Punch the PAUSE: This is the state of contemporary art. In: neon, words, irony, toys, celebrity, video, self-loathing and the Chinese. Also, coils of chains on the floor. Ditto, genitalia. Titillation. Installation. Arbitration. All very Photoshoppy. Very democratic in its way. The art is aggressive, transgressive, politically dull (war, bad). But, oh my, isn't it BIG. Gotta be big. Why? Real estate, people. Second homes.
Overheard: "He's got some big walls."
Spotted: There's a guy called Earth Man walking around the fair in a space suit breathing through a hose connected to a potted plant. There's a girl in a dress made of clothespins. There's Lance Armstrong in the Florida Room.
Bubble? What bubble? The only pop here is the sound of corks from the trolling carts of Perrier Jouet champagne, $14 a flute. Question: Excuse me, ma'am, isn't the economy getting the wobblies? Does not the subprime-mortgage, tightening-capital-market, real-estate-crash thingie mean anything to these people? Next question.

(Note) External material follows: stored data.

(* Let $\mathcal{T}_1=(V,\mathsf{p}_1)$ and $\mathcal{T}_2=(V,\mathsf{p}_2)$ be directed forests such that $\mathcal{T}_1$ is thinner than $\mathcal{T}_2$. Then: (a) $\mathrm{Chi}^{\langle k\rangle}_{\mathcal{T}_1}(v)\subseteq\mathrm{Chi}^{\langle k\rangle}_{\mathcal{T}_2}(v)$ for all $v\in V$ and $k\in\mathbb{N}$; (b) $\mathrm{root}(\mathcal{T}_1)\supseteq\mathrm{root}(\mathcal{T}_2)$; (c) every tree in $\mathcal{T}_1$ is contained in some tree in $\mathcal{T}_2$; in particular, the number of trees in $\mathcal{T}_2$ is less than or equal to the number of trees in $\mathcal{T}_1$; (d) every tree in $\mathcal{T}_2$ contains exactly one tree of $\mathcal{T}_1$ if and only if $\mathcal{T}_1=\mathcal{T}_2$; in particular, a directed forest strictly thinner than a directed tree is never a directed tree.
   Context: A directed forest is a pair $\mathcal{T}=(V,\mathsf{p})$ where $V$ is a nonempty set and $\mathsf{p}\colon V\to V$ satisfies: if $n\in\mathbb{N}$, $v\in V$ and $\mathsf{p}^n(v)=v$, then $\mathsf{p}(v)=v$. Roots: $\mathrm{root}(\mathcal{T})=\{v:\mathsf{p}(v)=v\}$. For $k\in\mathbb{N}$, the $k$-th children of $v$ are $\mathrm{Chi}^{\langle k\rangle}_{\mathcal{T}}(v)=\{u\in V:\mathsf{p}^k(u)=v\neq\mathsf{p}^{k-1}(u)\}$ (with $\mathsf{p}^0=\mathrm{id}_V$). The trees of $\mathcal{T}$ are the connected components of the graph on $V$ with edges $\{\mathsf{p}(u),u\}$ for $u\notin\mathrm{root}(\mathcal{T})$ (equivalently, classes of $u\sim w$ iff $\mathsf{p}^m(u)=\mathsf{p}^n(w)$ for some $m,n\ge0$); a directed tree is a directed forest with exactly one tree. $\mathcal{T}_1$ is thinner than $\mathcal{T}_2$ if $\mathsf{p}_1(v)\in\{v,\mathsf{p}_2(v)\}$ for all $v\in V$; "strictly thinner" means thinner and different. *)

theory Defs
  imports Main
begin

text \<open>A directed forest on the vertex set V (a subset of a type) with parent map p.
  Only the values of p on V matter; p must map V into V. Here N = {1,2,...}.\<close>
definition directed_forest :: "'a set \<Rightarrow> ('a \<Rightarrow> 'a) \<Rightarrow> bool" where
  "directed_forest V p \<longleftrightarrow> V \<noteq> {} \<and> (\<forall>v\<in>V. p v \<in> V) \<and>
     (\<forall>n::nat. \<forall>v\<in>V. n \<ge> 1 \<longrightarrow> (p ^^ n) v = v \<longrightarrow> p v = v)"

definition roots :: "'a set \<Rightarrow> ('a \<Rightarrow> 'a) \<Rightarrow> 'a set" where
  "roots V p = {v\<in>V. p v = v}"

text \<open>k-th children (meaningful for k >= 1).\<close>
definition chi :: "'a set \<Rightarrow> ('a \<Rightarrow> 'a) \<Rightarrow> nat \<Rightarrow> 'a \<Rightarrow> 'a set" where
  "chi V p k v = {u\<in>V. (p ^^ k) u = v \<and> v \<noteq> (p ^^ (k - 1)) u}"

definition forest_edges :: "'a set \<Rightarrow> ('a \<Rightarrow> 'a) \<Rightarrow> ('a \<times> 'a) set" where
  "forest_edges V p = {(p u, u) | u. u \<in> V \<and> p u \<noteq> u} \<union> {(u, p u) | u. u \<in> V \<and> p u \<noteq> u}"

definition trees :: "'a set \<Rightarrow> ('a \<Rightarrow> 'a) \<Rightarrow> 'a set set" where
  "trees V p = {{w\<in>V. (u, w) \<in> (forest_edges V p)\<^sup>*} | u. u \<in> V}"

definition directed_tree :: "'a set \<Rightarrow> ('a \<Rightarrow> 'a) \<Rightarrow> bool" where
  "directed_tree V p \<longleftrightarrow> directed_forest V p \<and> (\<exists>!T. T \<in> trees V p)"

What we wanted to buy at the fair: a bench made of glass, called "Chair That Disappears in the Rain," by Tokujin Yoshioka, for $280,000. A mobile of giant lava rocks by Robert Chambers for $30,000. A "400% cotton" hand-dyed T-shirt, titled "Pimp," by Dutch artist HuskMitNavn, for $60 (snagged it). And there's Ralph Provisero's "Earthramp," two yards of pounded Everglades topsoil, and it's not even for sale. It will just . . . compost.
It's a Clever Contest. It's easy to mock. But it's really -- what is the word, we have forgotten -- oh, right, it is fun. We are not too proud to say it: Art Basel is fun. After all (bummer), it's not our money. Or as New York wheeler-dealer Jeffrey Deitch nicely puts it: "Buoyant. That's the feeling I get. People really want to be here. Sales have just been fantastic and I've brought enough for three shows."

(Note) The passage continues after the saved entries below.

lemma tinv_power_minus_one:
  "tinv ^ Suc m - 1 = (tinv - 1) * (tinv ^ m * (\<Sum>i<Suc m. tt ^ i))"
proof -
  have "tinv - 1 = tinv * (1 - tt)"
    using tt_mult_tinv by (simp add: algebra_simps)
  then have "(tinv - 1) * (tinv ^ m * (\<Sum>i<Suc m. tt ^ i))
      = tinv ^ Suc m * ((1 - tt) * (\<Sum>i<Suc m. tt ^ i))"
    by (simp add: ac_simps)
  also have "\<dots> = tinv ^ Suc m * (1 - tt ^ Suc m)"
    by (simp only: one_diff_power_eq)
  also have "\<dots> = tinv ^ Suc m - 1"
    using tinv_power_mult_tt_power[of "Suc m"] by (simp add: right_diff_distrib)
  finally show ?thesis by simp
qed

lemma index_mult_mat_sum:
  assumes "A \<in> carrier_mat nr k" "B \<in> carrier_mat k nc" "i < nr" "j < nc"
  shows "(A * B) $$ (i, j) = (\<Sum>c<k. A $$ (i, c) * B $$ (c, j))"
  using assms by (simp add: scalar_prod_def atLeast0LessThan)

lemma fixed_row_vector_mult:
  fixes A B :: "'a::comm_semiring_1 mat"
  assumes A: "A \<in> carrier_mat n n" and B: "B \<in> carrier_mat n n"
    and xA: "\<And>k. k < n \<Longrightarrow> (\<Sum>a<n. x a * A $$ (a, k)) = x k"
    and xB: "\<And>k. k < n \<Longrightarrow> (\<Sum>a<n. x a * B $$ (a, k)) = x k"
    and k: "k < n"
  shows "(\<Sum>a<n. x a * (A * B) $$ (a, k)) = x k"
proof -
  have "(\<Sum>a<n. x a * (A * B) $$ (a, k)) = (\<Sum>a<n. \<Sum>c<n. x a * A $$ (a, c) * B $$ (c, k))"
    using k by (intro sum.cong refl)
      (simp add: index_mult_mat_sum[OF A B] sum_distrib_left mult.assoc del: index_mult_mat)
  also have "\<dots> = (\<Sum>c<n. (\<Sum>a<n. x a * A $$ (a, c)) * B $$ (c, k))"
    by (subst sum.swap) (simp add: sum_distrib_right)
  also have "\<dots> = x k"
    using xA xB k by simp
  finally show ?thesis .
qed

lemma fixed_column_vector_mult:
  fixes A B :: "'a::comm_semiring_1 mat"
  assumes A: "A \<in> carrier_mat n n" and B: "B \<in> carrier_mat n n"
    and Ay: "\<And>a. a < n \<Longrightarrow> (\<Sum>b<n. A $$ (a, b) * y b) = y a"
    and By: "\<And>a. a < n \<Longrightarrow> (\<Sum>b<n. B $$ (a, b) * y b) = y a"
    and a: "a < n"
  shows "(\<Sum>b<n. (A * B) $$ (a, b) * y b) = y a"
proof -
  have "(\<Sum>b<n. (A * B) $$ (a, b) * y b) = (\<Sum>b<n. \<Sum>c<n. A $$ (a, c) * B $$ (c, b) * y b)"
    using a by (intro sum.cong refl) (simp add: index_mult_mat_sum[OF A B] sum_distrib_right del: index_mult_mat)
  also have "\<dots> = (\<Sum>c<n. A $$ (a, c) * (\<Sum>b<n. B $$ (c, b) * y b))"
    by (subst sum.swap) (simp add: sum_distrib_left mult.assoc)
  also have "\<dots> = y a"
    using Ay By a by simp
  finally show ?thesis .
qed

lemma det_last_row_sparse:
  fixes M :: "'a::comm_ring_1 mat"
  assumes M: "M \<in> carrier_mat (Suc m) (Suc m)" and row: "\<And>j. j < m \<Longrightarrow> M $$ (m, j) = 0"
  shows "det M = M $$ (m, m) * det (mat_delete M m m)"
proof -
  have "det M = (\<Sum>j<Suc m. M $$ (m, j) * cofactor M m j)"
    using laplace_expansion_row[OF M] by simp
  also have "\<dots> = M $$ (m, m) * cofactor M m m"
    using row by simp
  finally show ?thesis
    by (simp add: cofactor_def)
qed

As in: "We sold so much we had to re-install."
It's like Cannes, without the burden of Quentin Tarantino. All the usual suspects: the cool hunters and perfectly accessorized gallerinas, the sheiks of Dubai and the hedge fund boys from Connecticut, the lap dogs and top dogs, the Net Jet setters (there are reportedly more private planes here than at the Super Bowl), the museum donors egged on by their curatorial shock troops, the Houston whales, serious savvy collectors, the young & fun in their little black dresses, the speculators, entire graduating classes of MFA programs, art punks cadging free drinks, assorted blood-sucking ticks, and the simply stunned.

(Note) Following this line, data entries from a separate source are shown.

(* Let $G$ be a td-group acting isometrically, properly, cocompactly and smoothly on a locally compact CAT(0)-space $X$. Let $\mathcal{A}$ be a collection of closed convex subspaces of $X$ such that: (a) for all $A,A'\in\mathcal{A}$ there is $g\in G$ with $g(A)=A'$ and $g|_{A\cap A'}=\mathrm{id}_{A\cap A'}$; (b) for every $A\in\mathcal{A}$ the quotient $\Gamma_A=\{g\in G\mid gA=A\}/\{g\in G\mid g|_A=\mathrm{id}_A\}$ is discrete; (c) for any $x,y\in X$ there is $A\in\mathcal{A}$ with $x,y\in A$. Then for every $A\in\mathcal{A}$ we have $G\cdot \mathrm{FS}(A)=\mathrm{FS}(X)$.
   Context: A td-group is a topological group in which the identity admits a countable neighborhood basis of compact open subgroups. An action is smooth if all isotropy groups are open. A generalized geodesic in $X$ is a continuous map $c\colon\mathbb{R}\to X$ for which there is an open interval $U\subseteq\mathbb{R}$ (possibly unbounded, possibly all of $\mathbb{R}$) such that $c|_U$ is an isometric embedding and $c|_{\mathbb{R}\setminus U}$ is locally constant. The flow space $\mathrm{FS}(X)$ is the space of all generalized geodesics with metric $d_{\mathrm{FS}}(c,c')=\int_{\mathbb{R}} d_X(c(t),c'(t))\,2e^{-|t|}\,dt$, and $G$ acts by $(gc)(t)=g(c(t))$. For $A\subseteq X$, $\mathrm{FS}(A)\subseteq\mathrm{FS}(X)$ is the subspace of generalized geodesics with image in $A$. $\Gamma_A$ carries the quotient topology. *)

theory Defs
  imports "HOL-Analysis.Analysis" "HOL-Algebra.Coset"
begin

definition topological_group :: "('g, 'm) monoid_scheme \<Rightarrow> 'g topology \<Rightarrow> bool" where
  "topological_group G T \<longleftrightarrow> group G \<and> topspace T = carrier G \<and>
     continuous_map (prod_topology T T) T (\<lambda>(x, y). x \<otimes>\<^bsub>G\<^esub> y) \<and>
     continuous_map T T (\<lambda>x. inv\<^bsub>G\<^esub> x)"

definition td_group :: "('g, 'm) monoid_scheme \<Rightarrow> 'g topology \<Rightarrow> bool" where
  "td_group G T \<longleftrightarrow> topological_group G T \<and>
     (\<exists>U :: nat \<Rightarrow> 'g set.
        (\<forall>n. subgroup (U n) G \<and> compactin T (U n) \<and> openin T (U n)) \<and>
        (\<forall>W. openin T W \<and> \<one>\<^bsub>G\<^esub> \<in> W \<longrightarrow> (\<exists>n. U n \<subseteq> W)))"

definition group_act :: "('g, 'm) monoid_scheme \<Rightarrow> ('g \<Rightarrow> 'x \<Rightarrow> 'x) \<Rightarrow> bool" where
  "group_act G act \<longleftrightarrow> (\<forall>x. act \<one>\<^bsub>G\<^esub> x = x) \<and>
     (\<forall>g\<in>carrier G. \<forall>h\<in>carrier G. \<forall>x. act (g \<otimes>\<^bsub>G\<^esub> h) x = act g (act h x))"

definition isometric_act :: "('g, 'm) monoid_scheme \<Rightarrow> ('g \<Rightarrow> 'x::metric_space \<Rightarrow> 'x) \<Rightarrow> bool" where
  "isometric_act G act \<longleftrightarrow> group_act G act \<and>
     (\<forall>g\<in>carrier G. \<forall>x y. dist (act g x) (act g y) = dist x y)"

definition proper_act :: "('g, 'm) monoid_scheme \<Rightarrow> 'g topology \<Rightarrow> ('g \<Rightarrow> 'x::metric_space \<Rightarrow> 'x) \<Rightarrow> bool" where
  "proper_act G T act \<longleftrightarrow>
     continuous_map (prod_topology T euclidean) euclidean (\<lambda>(g, x). act g x) \<and>
     (\<forall>K. compact K \<longrightarrow> compactin T {g \<in> carrier G. act g ` K \<inter> K \<noteq> {}})"

definition cocompact_act :: "('g, 'm) monoid_scheme \<Rightarrow> ('g \<Rightarrow> 'x::topological_space \<Rightarrow> 'x) \<Rightarrow> bool" where
  "cocompact_act G act \<longleftrightarrow> (\<exists>K. compact K \<and> (\<Union>g\<in>carrier G. act g ` K) = UNIV)"

definition smooth_act :: "('g, 'm) monoid_scheme \<Rightarrow> 'g topology \<Rightarrow> ('g \<Rightarrow> 'x \<Rightarrow> 'x) \<Rightarrow> bool" where
  "smooth_act G T act \<longleftrightarrow> (\<forall>x. openin T {g \<in> carrier G. act g x = x})"

definition isometric_on :: "real set \<Rightarrow> (real \<Rightarrow> 'x::metric_space) \<Rightarrow> bool" where
  "isometric_on S f \<longleftrightarrow> (\<forall>s\<in>S. \<forall>t\<in>S. dist (f s) (f t) = dist s t)"

definition geodesic_from :: "(real \<Rightarrow> 'x::metric_space) \<Rightarrow> 'x \<Rightarrow> 'x \<Rightarrow> bool" where
  "geodesic_from \<gamma> x y \<longleftrightarrow> \<gamma> 0 = x \<and> \<gamma> (dist x y) = y \<and> isometric_on {0..dist x y} \<gamma>"

definition geodesic_space :: "'x::metric_space itself \<Rightarrow> bool" where
  "geodesic_space _ \<longleftrightarrow> (\<forall>x y :: 'x. \<exists>\<gamma>. geodesic_from \<gamma> x y)"

text \<open>CAT(0): geodesic, and for every geodesic triangle, the distance between two points on
  the triangle is at most the distance of the comparison points in a Euclidean comparison
  triangle (Euclidean plane = complex numbers).  Two points of a triangle always lie on two
  sides sharing a vertex x (or on a single side, where the inequality is an equality).\<close>
definition CAT0 :: "'x::metric_space itself \<Rightarrow> bool" where
  "CAT0 TYPE('x) \<longleftrightarrow> geodesic_space TYPE('x) \<and>
     (\<forall>(x::'x) y z \<gamma>1 \<gamma>2 s t (a::complex) b c.
        geodesic_from \<gamma>1 x y \<and> geodesic_from \<gamma>2 x z \<and>
        s \<in> {0..dist x y} \<and> t \<in> {0..dist x z} \<and>
        dist a b = dist x y \<and> dist a c = dist x z \<and> dist b c = dist y z \<longrightarrow>
        dist (\<gamma>1 s) (\<gamma>2 t) \<le>
          dist (a + of_real (s / dist a b) * (b - a)) (a + of_real (t / dist a c) * (c - a)))"

definition convex_subspace :: "'x::metric_space set \<Rightarrow> bool" where
  "convex_subspace A \<longleftrightarrow> (\<forall>x\<in>A. \<forall>y\<in>A. \<forall>\<gamma>. geodesic_from \<gamma> x y \<longrightarrow> \<gamma> ` {0..dist x y} \<subseteq> A)"

definition locally_constant_on :: "real set \<Rightarrow> (real \<Rightarrow> 'x) \<Rightarrow> bool" where
  "locally_constant_on S f \<longleftrightarrow> (\<forall>t\<in>S. \<exists>e>0. \<forall>s\<in>S. \<bar>s - t\<bar> < e \<longrightarrow> f s = f t)"

definition generalized_geodesic :: "(real \<Rightarrow> 'x::metric_space) \<Rightarrow> bool" where
  "generalized_geodesic c \<longleftrightarrow> continuous_on UNIV c \<and>
     (\<exists>a b :: ereal. a \<le> b \<and>
        (let U = {t. a < ereal t \<and> ereal t < b} in
           isometric_on U c \<and> locally_constant_on (- U) c))"

definition FS :: "'x::metric_space set \<Rightarrow> (real \<Rightarrow> 'x) set" where
  "FS A = {c. generalized_geodesic c \<and> range c \<subseteq> A}"

definition orbit_set :: "('g, 'm) monoid_scheme \<Rightarrow> ('g \<Rightarrow> 'x \<Rightarrow> 'x) \<Rightarrow> (real \<Rightarrow> 'x) set \<Rightarrow> (real \<Rightarrow> 'x) set" where
  "orbit_set G act C = {(\<lambda>t. act g (c t)) | g c. g \<in> carrier G \<and> c \<in> C}"

definition setwise_stab :: "('g, 'm) monoid_scheme \<Rightarrow> ('g \<Rightarrow> 'x \<Rightarrow> 'x) \<Rightarrow> 'x set \<Rightarrow> 'g set" where
  "setwise_stab G act A = {g \<in> carrier G. act g ` A = A}"

definition pointwise_fix :: "('g, 'm) monoid_scheme \<Rightarrow> ('g \<Rightarrow> 'x \<Rightarrow> 'x) \<Rightarrow> 'x set \<Rightarrow> 'g set" where
  "pointwise_fix G act A = {g \<in> carrier G. \<forall>x\<in>A. act g x = x}"

definition quotient_topology :: "'a topology \<Rightarrow> ('a \<Rightarrow> 'b) \<Rightarrow> 'b topology" where
  "quotient_topology X q =
     topology (\<lambda>V. V \<subseteq> q ` topspace X \<and> openin X {x \<in> topspace X. q x \<in> V})"

definition Gamma_discrete :: "('g, 'm) monoid_scheme \<Rightarrow> 'g topology \<Rightarrow> ('g \<Rightarrow> 'x \<Rightarrow> 'x) \<Rightarrow> 'x set \<Rightarrow> bool" where
  "Gamma_discrete G T act A \<longleftrightarrow>
     (let S = setwise_stab G act A; q = (\<lambda>g. pointwise_fix G act A #>\<^bsub>G\<^esub> g) in
        quotient_topology (subtopology T S) q = discrete_topology (q ` S))"

end

theory Submission
  imports Defs
begin

(*
  Fix a generalized geodesic c and a member A0 of the collection containing c(0).  By (c) and
  convexity, every window c[-n, n] lies in some A_n, and by (a) there is g_n with g_n A_n = A0
  fixing A_n \<inter> A0, in particular fixing c(0).  All g_n lie in the stabiliser of c(0), which is
  compact because the action is proper, and the sets of its elements mapping c[-n, n] into the
  closed set A0 form a decreasing sequence of nonempty closed sets.  An element g of their
  intersection maps all of c into A0, and composing with an element from (a) carrying A0 onto A
  moves c into FS(A).
*)

lemma locally_constant_on_imp_constant_on_interval:
  fixes f :: "real \<Rightarrow> 'x"
  assumes lc: "locally_constant_on S f" and L: "is_interval L" "L \<subseteq> S" "s \<in> L" "t \<in> L"
  shows "f s = f t"
proof -
  have "f constant_on L"
  proof (rule locally_constant_imp_constant)
    show "connected L" using L(1) is_interval_connected by blast
    fix r assume "r \<in> L"
    then obtain e where e: "e > 0" "\<forall>s\<in>S. \<bar>s - r\<bar> < e \<longrightarrow> f s = f r"
      using lc L(2) unfolding locally_constant_on_def by blast
    have "openin (top_of_set L) (L \<inter> ball r e)" by (rule openin_open_Int) simp
    moreover have "\<forall>x\<in>L \<inter> ball r e. f x = f r"
      using e(2) L(2) by (auto simp: dist_real_def abs_minus_commute)
    moreover have "r \<in> L \<inter> ball r e" using \<open>r \<in> L\<close> e(1) by simp
    ultimately show "\<exists>V. openin (top_of_set L) V \<and> r \<in> V \<and> (\<forall>x\<in>V. f x = f r)"
      by blast
  qed
  then show ?thesis using L unfolding constant_on_def by metis
qed

lemma is_interval_ereal_le: "is_interval {t. ereal t \<le> a}"
  unfolding is_interval_1 by (simp, meson ereal_less_eq(3) order_trans)

lemma is_interval_ereal_ge: "is_interval {t. a \<le> ereal t}"
  unfolding is_interval_1 by (simp, meson ereal_less_eq(3) order_trans)

lemma isometric_on_subset: "isometric_on U c \<Longrightarrow> V \<subseteq> U \<Longrightarrow> isometric_on V c"
  unfolding isometric_on_def by blast

lemma isometric_on_closure:
  fixes c :: "real \<Rightarrow> 'x::metric_space"
  assumes cont: "continuous_on UNIV c" and iso: "isometric_on U c"
  shows "isometric_on (closure U) c"
proof -
  let ?E = "{p. dist (c (fst p)) (c (snd p)) = dist (fst p) (snd p)}"
  have "continuous_on UNIV (\<lambda>p. c (fst p))" "continuous_on UNIV (\<lambda>p. c (snd p))"
    by (auto intro!: continuous_on_compose2[OF cont] continuous_intros)
  then have "closed ?E"
    by (intro closed_Collect_eq continuous_intros) auto
  moreover have "U \<times> U \<subseteq> ?E" using iso unfolding isometric_on_def by auto
  ultimately have "closure U \<times> closure U \<subseteq> ?E"
    by (metis closure_Times closure_minimal)
  then show ?thesis unfolding isometric_on_def by auto
qed

lemma isometric_on_atLeastAtMost:
  fixes c :: "real \<Rightarrow> 'x::metric_space"
  assumes "continuous_on UNIV c" "isometric_on {p<..<q} c"
  shows "isometric_on {p..q} c"
proof (cases "p < q")
  case True
  then show ?thesis using isometric_on_closure[OF assms] by simp
next
  case False
  show ?thesis unfolding isometric_on_def
  proof (intro ballI)
    fix s t assume "s \<in> {p..q}" "t \<in> {p..q}"
    then have "s = t" using False by auto
    then show "dist (c s) (c t) = dist s t" by simp
  qed
qed

lemma isometric_on_atLeastAtMost_image_subset_convex:
  fixes c :: "real \<Rightarrow> 'x::metric_space"
  assumes iso: "isometric_on {p..q} c" and "p \<le> q"
    and B: "convex_subspace B" "c p \<in> B" "c q \<in> B"
  shows "c ` {p..q} \<subseteq> B"
proof -
  have d: "dist (c p) (c q) = q - p"
    using iso \<open>p \<le> q\<close> unfolding isometric_on_def by (simp add: dist_real_def)
  have "geodesic_from (\<lambda>r. c (p + r)) (c p) (c q)"
    unfolding geodesic_from_def isometric_on_def d
  proof (intro conjI ballI)
    fix r r' assume "r \<in> {0..q - p}" "r' \<in> {0..q - p}"
    then have "p + r \<in> {p..q}" "p + r' \<in> {p..q}" by auto
    then show "dist (c (p + r)) (c (p + r')) = dist r r'"
      using iso unfolding isometric_on_def by (simp add: dist_real_def)
  qed simp_all
  from B(1)[unfolded convex_subspace_def, rule_format, OF B(2,3) this]
  have segment: "(\<lambda>r. c (p + r)) ` {0..q - p} \<subseteq> B" unfolding d .
  show ?thesis
  proof (rule image_subsetI)
    fix s assume "s \<in> {p..q}"
    then have "s - p \<in> {0..q - p}" by simp
    from subsetD[OF segment imageI[OF this]] show "c s \<in> B" by simp
  qed
qed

Tom Wolfe in his cream-colored suit is here on opening day, and it's like his "Bonfire of the Vanities" New York of the go-go 1980s is back before his very eyes. "This is the end of capitalism as we know it," he tells the Art Newspaper, watching herds of millionaires "waiting for the doors to open like some half-off sale at Macy's."
Opening night, Art Basel: the main event, "the blue chip art," what is now referred to as "the big fair," as opposed to the 26 other fairs that have glommed onto the Art Basel juggernaut this weekend, like Pulse, Art Miami, Scope, NADA, Design Miami, Red Dot, Aipad, Aqua, and the hotel fairs where the works are hung in faintly moist guest rooms, sometimes still with the beds. The big fair takes place in the Miami Beach Convention Center, enter through Hall D. There are 200 galleries from every art capital. It is December, but there is so much spa tan that people actually give off a faint orange glow, like walking Cheetos.
Couples stroll, speaking Spanish, Mandarin, Farsi, French. Oh, my fellow Americans, the euro, she is the cruelest currency. (Why is it called Art Basel? After the town in Switzerland where the original, more stodgy affair is held each year.) For the price of a $30 ticket, what can you see? How about a woman with a swan? A tricycle covered in jewels? A reproduction of a Shanghai market selling empty bags and bottles of American pops, chips, cookies. And we weren't kidding: Size matters. Check out a sequined banner by Frances Goodman proclaiming "The Bigger the Better," which sold, immediately, for $5,500.